#### ACTION ITEM
Would you write out the whole listing below exactly as given?

#### STUDY MATERIAL
lemma card_Rk':
  assumes g: "digraph V E" and mf: "m_free m V E" and km: "k + 3 \<le> m"
  shows "card (Rk' V E k v) = card (Eset E (Nin V E (k+2) v) (Nin V E (k+1) v))"
proof -
  let ?f = "\<lambda>(x::'a, y::'a, z::'a). (x, y)"
  have "?f ` Rk' V E k v = Eset E (Nin V E (k+2) v) (Nin V E (k+1) v)"
  proof (intro equalityI subsetI)
    fix t assume "t \<in> ?f ` Rk' V E k v"
    then obtain x y ws where t: "t = (x, y)" and l: "length ws = k" and s: "shortest_induced_path V E (x # y # ws @ [v])"
      unfolding Rk'_def by auto
    show "t \<in> Eset E (Nin V E (k+2) v) (Nin V E (k+1) v)"
      using t sip_head_triple[OF s l g] unfolding Eset_def Nin_iff_Nout by simp
  next
    fix t assume "t \<in> Eset E (Nin V E (k+2) v) (Nin V E (k+1) v)"
    then obtain x y where t: "t = (x, y)" "(x, y) \<in> E" "x \<in> Nin V E (k+2) v" "y \<in> Nin V E (k+1) v"
      unfolding Eset_def by auto
    obtain ws where "length ws = k" "shortest_induced_path V E (x # y # ws @ [v])"
      using sip_extend_in[OF g mf km t(3,4,2)] .
    then have "(x, y, v) \<in> Rk' V E k v" unfolding Rk'_def by auto
    then show "t \<in> ?f ` Rk' V E k v" using t(1) by force
  qed
  moreover have "inj_on ?f (Rk' V E k v)" unfolding inj_on_def Rk'_def by auto
  ultimately show ?thesis by (metis card_image)
qed

text \<open>The four inequalities: the indicated pair of a triple determines it (the third vertex
  is v) and is nonadjacent by inducedness.\<close>
lemma card_Qk:
  assumes g: "digraph V E"
  shows "card (Qk V E k v) \<le> card (Ebar E (Nin V E (k+1) v) (Nout V E 1 v))"
proof (rule card_inj_on_le[where f = "\<lambda>(x, y, z). (x, z)"])
  show "inj_on (\<lambda>(x, y, z). (x, z)) (Qk V E k v)" unfolding inj_on_def Qk_def by auto
  show "finite (Ebar E (Nin V E (k+1) v) (Nout V E 1 v))"
    using finite_Ebar[OF g Nin_subset Nout_subset] .
  show "(\<lambda>(x, y, z). (x, z)) ` Qk V E k v \<subseteq> Ebar E (Nin V E (k+1) v) (Nout V E 1 v)"
  proof
    fix t assume "t \<in> (\<lambda>(x, y, z). (x, z)) ` Qk V E k v"
    then obtain x z ws where t: "t = (x, z)" and l: "length ws = k" and s: "shortest_induced_path V E (x # ws @ [v, z])"
      unfolding Qk_def by auto
    show "t \<in> Ebar E (Nin V E (k+1) v) (Nout V E 1 v)"
      using t sip_tail_triple[OF s l g] by (simp add: Ebar_iff Nin_iff_Nout)
  qed
qed

lemma card_Rk:
  assumes g: "digraph V E" and k: "1 \<le> k"
  shows "card (Rk V E k v) \<le> card (Ebar E (Nin V E 1 v) (Nin V E (k+2) v))"
proof (rule card_inj_on_le[where f = "\<lambda>(x, y, z). (y, x)"])
  show "inj_on (\<lambda>(x, y, z). (y, x)) (Rk V E k v)" unfolding inj_on_def Rk_def by auto
  show "finite (Ebar E (Nin V E 1 v) (Nin V E (k+2) v))"
    using finite_Ebar[OF g Nin_subset Nin_subset] .
  show "(\<lambda>(x, y, z). (y, x)) ` Rk V E k v \<subseteq> Ebar E (Nin V E 1 v) (Nin V E (k+2) v)"
  proof
    fix t assume "t \<in> (\<lambda>(x, y, z). (y, x)) ` Rk V E k v"
    then obtain x y ws where t: "t = (y, x)" and l: "length ws = k" and s: "shortest_induced_path V E (x # ws @ [y, v])"
      unfolding Rk_def by auto
    show "t \<in> Ebar E (Nin V E 1 v) (Nin V E (k+2) v)"
      using t sip_tail_triple[OF s l g] k by (auto simp: Ebar_iff Nin_iff_Nout intro: nonadjacent_sym)
  qed
qed

lemma card_Pk':
  assumes g: "digraph V E" and k: "1 \<le> k"
  shows "card (Pk' V E k v) \<le> card (Ebar E (Nout V E 1 v) (Nout V E (k+2) v))"
proof (rule card_inj_on_le[where f = "\<lambda>(x, y, z). (y, z)"])
  show "inj_on (\<lambda>(x, y, z). (y, z)) (Pk' V E k v)" unfolding inj_on_def Pk'_def by auto
  show "finite (Ebar E (Nout V E 1 v) (Nout V E (k+2) v))"
    using finite_Ebar[OF g Nout_subset Nout_subset] .
  show "(\<lambda>(x, y, z). (y, z)) ` Pk' V E k v \<subseteq> Ebar E (Nout V E 1 v) (Nout V E (k+2) v)"
  proof
    fix t assume "t \<in> (\<lambda>(x, y, z). (y, z)) ` Pk' V E k v"
    then obtain y z ws where t: "t = (y, z)" and l: "length ws = k" and s: "shortest_induced_path V E (v # y # ws @ [z])"
      unfolding Pk'_def by auto
    show "t \<in> Ebar E (Nout V E 1 v) (Nout V E (k+2) v)"
      using t sip_head_triple[OF s l g] k by (simp add: Ebar_iff)
  qed
qed

lemma card_Qk':
  assumes g: "digraph V E"
  shows "card (Qk' V E k v) \<le> card (Ebar E (Nout V E (k+1) v) (Nin V E 1 v))"
proof (rule card_inj_on_le[where f = "\<lambda>(x, y, z). (z, x)"])
  show "inj_on (\<lambda>(x, y, z). (z, x)) (Qk' V E k v)" unfolding inj_on_def Qk'_def by auto
  show "finite (Ebar E (Nout V E (k+1) v) (Nin V E 1 v))"
    using finite_Ebar[OF g Nout_subset Nin_subset] .
  show "(\<lambda>(x, y, z). (z, x)) ` Qk' V E k v \<subseteq> Ebar E (Nout V E (k+1) v) (Nin V E 1 v)"
  proof
    fix t assume "t \<in> (\<lambda>(x, y, z). (z, x)) ` Qk' V E k v"
    then obtain x z ws where t: "t = (z, x)" and l: "length ws = k" and s: "shortest_induced_path V E (x # v # ws @ [z])"
      unfolding Qk'_def by auto
    show "t \<in> Ebar E (Nout V E (k+1) v) (Nin V E 1 v)"
      using t sip_head_triple[OF s l g] by (auto simp: Ebar_iff Nin_iff_Nout intro: nonadjacent_sym)
  qed
qed

theorem lemma2p3:
  fixes V :: "'a set" and E :: "('a \<times> 'a) set" and m k :: nat and v :: 'a
  assumes "m \<ge> 4" and "digraph V E" and "m_free m V E"
    and "v \<in> V" and "1 \<le> k" and "k \<le> m - 3"
  shows "card (Pk V E k v) = card (Eset E (Nout V E (k+1) v) (Nout V E (k+2) v))
       \<and> card (Qk V E k v) \<le> card (Ebar E (Nin V E (k+1) v) (Nout V E 1 v))
       \<and> card (Rk V E k v) \<le> card (Ebar E (Nin V E 1 v) (Nin V E (k+2) v))
       \<and> card (Pk' V E k v) \<le> card (Ebar E (Nout V E 1 v) (Nout V E (k+2) v))
       \<and> card (Qk' V E k v) \<le> card (Ebar E (Nout V E (k+1) v) (Nin V E 1 v))
       \<and> card (Rk' V E k v) = card (Eset E (Nin V E (k+2) v) (Nin V E (k+1) v))"
proof -
  have km: "k + 3 \<le> m" using assms(1,6) by linarith
  show ?thesis
    using card_Pk[OF assms(2,3) km] card_Qk[OF assms(2)] card_Rk[OF assms(2,5)]
      card_Pk'[OF assms(2,5)] card_Qk'[OF assms(2)] card_Rk'[OF assms(2,3) km]
    by blast
qed

end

#### SOLVED EXERCISE
lemma card_Rk':
  assumes g: "digraph V E" and mf: "m_free m V E" and km: "k + 3 \<le> m"
  shows "card (Rk' V E k v) = card (Eset E (Nin V E (k+2) v) (Nin V E (k+1) v))"
proof -
  let ?f = "\<lambda>(x::'a, y::'a, z::'a). (x, y)"
  have "?f ` Rk' V E k v = Eset E (Nin V E (k+2) v) (Nin V E (k+1) v)"
  proof (intro equalityI subsetI)
    fix t assume "t \<in> ?f ` Rk' V E k v"
    then obtain x y ws where t: "t = (x, y)" and l: "length ws = k" and s: "shortest_induced_path V E (x # y # ws @ [v])"
      unfolding Rk'_def by auto
    show "t \<in> Eset E (Nin V E (k+2) v) (Nin V E (k+1) v)"
      using t sip_head_triple[OF s l g] unfolding Eset_def Nin_iff_Nout by simp
  next
    fix t assume "t \<in> Eset E (Nin V E (k+2) v) (Nin V E (k+1) v)"
    then obtain x y where t: "t = (x, y)" "(x, y) \<in> E" "x \<in> Nin V E (k+2) v" "y \<in> Nin V E (k+1) v"
      unfolding Eset_def by auto
    obtain ws where "length ws = k" "shortest_induced_path V E (x # y # ws @ [v])"
      using sip_extend_in[OF g mf km t(3,4,2)] .
    then have "(x, y, v) \<in> Rk' V E k v" unfolding Rk'_def by auto
    then show "t \<in> ?f ` Rk' V E k v" using t(1) by force
  qed
  moreover have "inj_on ?f (Rk' V E k v)" unfolding inj_on_def Rk'_def by auto
  ultimately show ?thesis by (metis card_image)
qed

text \<open>The four inequalities: the indicated pair of a triple determines it (the third vertex
  is v) and is nonadjacent by inducedness.\<close>
lemma card_Qk:
  assumes g: "digraph V E"
  shows "card (Qk V E k v) \<le> card (Ebar E (Nin V E (k+1) v) (Nout V E 1 v))"
proof (rule card_inj_on_le[where f = "\<lambda>(x, y, z). (x, z)"])
  show "inj_on (\<lambda>(x, y, z). (x, z)) (Qk V E k v)" unfolding inj_on_def Qk_def by auto
  show "finite (Ebar E (Nin V E (k+1) v) (Nout V E 1 v))"
    using finite_Ebar[OF g Nin_subset Nout_subset] .
  show "(\<lambda>(x, y, z). (x, z)) ` Qk V E k v \<subseteq> Ebar E (Nin V E (k+1) v) (Nout V E 1 v)"
  proof
    fix t assume "t \<in> (\<lambda>(x, y, z). (x, z)) ` Qk V E k v"
    then obtain x z ws where t: "t = (x, z)" and l: "length ws = k" and s: "shortest_induced_path V E (x # ws @ [v, z])"
      unfolding Qk_def by auto
    show "t \<in> Ebar E (Nin V E (k+1) v) (Nout V E 1 v)"
      using t sip_tail_triple[OF s l g] by (simp add: Ebar_iff Nin_iff_Nout)
  qed
qed

lemma card_Rk:
  assumes g: "digraph V E" and k: "1 \<le> k"
  shows "card (Rk V E k v) \<le> card (Ebar E (Nin V E 1 v) (Nin V E (k+2) v))"
proof (rule card_inj_on_le[where f = "\<lambda>(x, y, z). (y, x)"])
  show "inj_on (\<lambda>(x, y, z). (y, x)) (Rk V E k v)" unfolding inj_on_def Rk_def by auto
  show "finite (Ebar E (Nin V E 1 v) (Nin V E (k+2) v))"
    using finite_Ebar[OF g Nin_subset Nin_subset] .
  show "(\<lambda>(x, y, z). (y, x)) ` Rk V E k v \<subseteq> Ebar E (Nin V E 1 v) (Nin V E (k+2) v)"
  proof
    fix t assume "t \<in> (\<lambda>(x, y, z). (y, x)) ` Rk V E k v"
    then obtain x y ws where t: "t = (y, x)" and l: "length ws = k" and s: "shortest_induced_path V E (x # ws @ [y, v])"
      unfolding Rk_def by auto
    show "t \<in> Ebar E (Nin V E 1 v) (Nin V E (k+2) v)"
      using t sip_tail_triple[OF s l g] k by (auto simp: Ebar_iff Nin_iff_Nout intro: nonadjacent_sym)
  qed
qed

lemma card_Pk':
  assumes g: "digraph V E" and k: "1 \<le> k"
  shows "card (Pk' V E k v) \<le> card (Ebar E (Nout V E 1 v) (Nout V E (k+2) v))"
proof (rule card_inj_on_le[where f = "\<lambda>(x, y, z). (y, z)"])
  show "inj_on (\<lambda>(x, y, z). (y, z)) (Pk' V E k v)" unfolding inj_on_def Pk'_def by auto
  show "finite (Ebar E (Nout V E 1 v) (Nout V E (k+2) v))"
    using finite_Ebar[OF g Nout_subset Nout_subset] .
  show "(\<lambda>(x, y, z). (y, z)) ` Pk' V E k v \<subseteq> Ebar E (Nout V E 1 v) (Nout V E (k+2) v)"
  proof
    fix t assume "t \<in> (\<lambda>(x, y, z). (y, z)) ` Pk' V E k v"
    then obtain y z ws where t: "t = (y, z)" and l: "length ws = k" and s: "shortest_induced_path V E (v # y # ws @ [z])"
      unfolding Pk'_def by auto
    show "t \<in> Ebar E (Nout V E 1 v) (Nout V E (k+2) v)"
      using t sip_head_triple[OF s l g] k by (simp add: Ebar_iff)
  qed
qed

lemma card_Qk':
  assumes g: "digraph V E"
  shows "card (Qk' V E k v) \<le> card (Ebar E (Nout V E (k+1) v) (Nin V E 1 v))"
proof (rule card_inj_on_le[where f = "\<lambda>(x, y, z). (z, x)"])
  show "inj_on (\<lambda>(x, y, z). (z, x)) (Qk' V E k v)" unfolding inj_on_def Qk'_def by auto
  show "finite (Ebar E (Nout V E (k+1) v) (Nin V E 1 v))"
    using finite_Ebar[OF g Nout_subset Nin_subset] .
  show "(\<lambda>(x, y, z). (z, x)) ` Qk' V E k v \<subseteq> Ebar E (Nout V E (k+1) v) (Nin V E 1 v)"
  proof
    fix t assume "t \<in> (\<lambda>(x, y, z). (z, x)) ` Qk' V E k v"
    then obtain x z ws where t: "t = (z, x)" and l: "length ws = k" and s: "shortest_induced_path V E (x # v # ws @ [z])"
      unfolding Qk'_def by auto
    show "t \<in> Ebar E (Nout V E (k+1) v) (Nin V E 1 v)"
      using t sip_head_triple[OF s l g] by (auto simp: Ebar_iff Nin_iff_Nout intro: nonadjacent_sym)
  qed
qed

theorem lemma2p3:
  fixes V :: "'a set" and E :: "('a \<times> 'a) set" and m k :: nat and v :: 'a
  assumes "m \<ge> 4" and "digraph V E" and "m_free m V E"
    and "v \<in> V" and "1 \<le> k" and "k \<le> m - 3"
  shows "card (Pk V E k v) = card (Eset E (Nout V E (k+1) v) (Nout V E (k+2) v))
       \<and> card (Qk V E k v) \<le> card (Ebar E (Nin V E (k+1) v) (Nout V E 1 v))
       \<and> card (Rk V E k v) \<le> card (Ebar E (Nin V E 1 v) (Nin V E (k+2) v))
       \<and> card (Pk' V E k v) \<le> card (Ebar E (Nout V E 1 v) (Nout V E (k+2) v))
       \<and> card (Qk' V E k v) \<le> card (Ebar E (Nout V E (k+1) v) (Nin V E 1 v))
       \<and> card (Rk' V E k v) = card (Eset E (Nin V E (k+2) v) (Nin V E (k+1) v))"
proof -
  have km: "k + 3 \<le> m" using assms(1,6) by linarith
  show ?thesis
    using card_Pk[OF assms(2,3) km] card_Qk[OF assms(2)] card_Rk[OF assms(2,5)]
      card_Pk'[OF assms(2,5)] card_Qk'[OF assms(2)] card_Rk'[OF assms(2,3) km]
    by blast
qed

end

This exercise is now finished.